German Investigators Skeptical of Yacht's Role in Nord Stream Bombing
Shane Harris, Souad Mekhennet, Loveday Morris, Michael Birnbaum and Kate Brady, The Washington Post
Excerpt: "Officials believe more than one vessel might have been involved in sabotaging the natural gas pipeline last year and wonder if a 50-foot sailing yacht that investigators scoured for clues could be a decoy." 


Officials believe more than one vessel might have been involved in sabotaging the natural gas pipeline last year and wonder if a 50-foot sailing yacht that investigators scoured for clues could be a decoy


After saboteurs severely damaged the Nord Stream natural gas pipelines last September, German officials zeroed in on a rented sailboat that appeared to have taken part in planting explosive devices deep below the surface of the Baltic Sea.

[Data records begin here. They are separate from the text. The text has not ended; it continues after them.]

(* Let $K$ be a field and $P$ an arbitrary poset. An idempotent $\alpha\in FI(P)$ is primitive if and only if there exist $x\in P$ and an invertible $\beta\in FI(P)$ with $\alpha=\beta^{-1}\delta_x^P\beta$. In particular, the diagonal primitive idempotents of $FI(P)$ are exactly the elements $\delta_x^P$, $x\in P$.
   Context: $K$ is a field, $P$ an arbitrary poset. $I(P)$ is the set of functions $\alpha$ assigning to each pair $x\le y$ in $P$ a value $\alpha(x,y)\in K$. An element $\alpha\in I(P)$ is a finitary series if for all $x<y$ in $P$ there are only finitely many pairs $(u,v)$ with $x\le u<v\le y$ and $\alpha(u,v)\neq0$; $FI(P)$ is the set of finitary series. $FI(P)$ is an associative $K$-algebra under pointwise addition and convolution $(\alpha\beta)(x,y)=\sum_{x\le z\le y}\alpha(x,z)\beta(z,y)$. An element is diagonal if $\alpha(x,y)=0$ for $x\ne y$. For $x\in P$, $\delta_x^P\in FI(P)$ is defined by $\delta_x^P(u,v)=1$ if $u=v=x$ and $0$ otherwise. A nonzero idempotent $\alpha$ is primitive if whenever $\varepsilon$ is an idempotent with $\alpha\varepsilon=\varepsilon\alpha=\alpha$ … the paper's definition: whenever $\varepsilon$ is an idempotent with $\varepsilon\alpha=\alpha\varepsilon=\varepsilon$, then $\varepsilon=0$ or $\varepsilon=\alpha$. *)

theory Defs
  imports Main
begin

text \<open>Incidence-space elements over a poset 'a with values in a field 'k are
represented as functions 'a => 'a => 'k which vanish outside {(x,y). x <= y}.\<close>

type_synonym ('a, 'k) inc = "'a \<Rightarrow> 'a \<Rightarrow> 'k"

definition finitary :: "('a::order, 'k::field) inc \<Rightarrow> bool" where
  "finitary \<alpha> \<longleftrightarrow>
     (\<forall>x y. x < y \<longrightarrow> finite {(u, v). x \<le> u \<and> u < v \<and> v \<le> y \<and> \<alpha> u v \<noteq> 0})"

definition FI :: "('a::order, 'k::field) inc set" where
  "FI = {\<alpha>. (\<forall>x y. \<not> x \<le> y \<longrightarrow> \<alpha> x y = 0) \<and> finitary \<alpha>}"

text \<open>Convolution; for finitary series only finitely many summands are nonzero,
so summing over the nonzero summands is the usual convolution sum.\<close>
definition conv :: "('a::order, 'k::field) inc \<Rightarrow> ('a, 'k) inc \<Rightarrow> ('a, 'k) inc" where
  "conv \<alpha> \<beta> x y = (if x \<le> y then
      (\<Sum>z \<in> {z. x \<le> z \<and> z \<le> y \<and> \<alpha> x z * \<beta> z y \<noteq> 0}. \<alpha> x z * \<beta> z y) else 0)"

definition one_inc :: "('a::order, 'k::field) inc" where
  "one_inc x y = (if x = y then 1 else 0)"

definition zero_inc :: "('a::order, 'k::field) inc" where
  "zero_inc x y = 0"

definition delta :: "'a::order \<Rightarrow> ('a, 'k::field) inc" where
  "delta a u v = (if u = a \<and> v = a then 1 else 0)"

definition diagonal :: "('a::order, 'k::field) inc \<Rightarrow> bool" where
  "diagonal \<alpha> \<longleftrightarrow> (\<forall>x y. x \<noteq> y \<longrightarrow> \<alpha> x y = 0)"

definition idempotent :: "('a::order, 'k::field) inc \<Rightarrow> bool" where
  "idempotent \<alpha> \<longleftrightarrow> \<alpha> \<in> FI \<and> conv \<alpha> \<alpha> = \<alpha>"

definition invertible_FI :: "('a::order, 'k::field) inc \<Rightarrow> bool" where
  "invertible_FI \<beta> \<longleftrightarrow> \<beta> \<in> FI \<and>
     (\<exists>\<gamma>\<in>FI. conv \<beta> \<gamma> = one_inc \<and> conv \<gamma> \<beta> = one_inc)"

definition inv_FI :: "('a::order, 'k::field) inc \<Rightarrow> ('a, 'k) inc" where
  "inv_FI \<beta> = (THE \<gamma>. \<gamma> \<in> FI \<and> conv \<beta> \<gamma> = one_inc \<and> conv \<gamma> \<beta> = one_inc)"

But after months of investigation, law enforcement officials now suspect that the 50-foot yacht, the Andromeda, was probably not the only vessel used in the audacious attack. They also say the boat may have been a decoy, put to sea to distract from the true perpetrators, who remain at large, according to officials with knowledge of an investigation led by Germany’s attorney general. They spoke on the condition of anonymity to share details about the active inquiry, including doubts about the Andromeda’s role that haven’t been previously reported.

Officials hope that the true purpose of Andromeda in the deep-sea demolition will provide further insight in a high-stakes, international whodunnit that could eventually lead to those responsible and explain their motives, which remain unclear.

U.S. and European officials said they still don’t know for sure who is behind the underwater attack. But several said they shared German skepticism that a crew of six people on one sailboat laid the hundreds of pounds of explosives that disabled Nord Stream 1 and part of Nord Stream 2, a newer set of pipelines that wasn’t yet delivering gas to customers.

Experts noted that while it was theoretically possible to place the explosives on the pipeline by hand, even skilled divers would be challenged submerging more than 200 feet to the seabed and slowly rising to the surface to allow time for their bodies to decompress.

Such an operation would have taken multiple dives, exposing the Andromeda to detection from nearby ships. The mission would have been easier to hide and pull off using remotely piloted underwater vehicles or small submarines, said diving and salvage experts who have worked in the area of the explosion, which features rough seas and heavy shipping traffic.

The German investigation has determined that traces of “military-grade” explosives found on a table inside the boat’s cabin match the batch of explosives used on the pipeline. Several officials doubted that skilled saboteurs would leave such glaring evidence of their guilt behind. They wonder if the explosive traces — collected months after the rented boat was returned to its owners — were meant to falsely lead investigators to the Andromeda as the vessel used in the attack.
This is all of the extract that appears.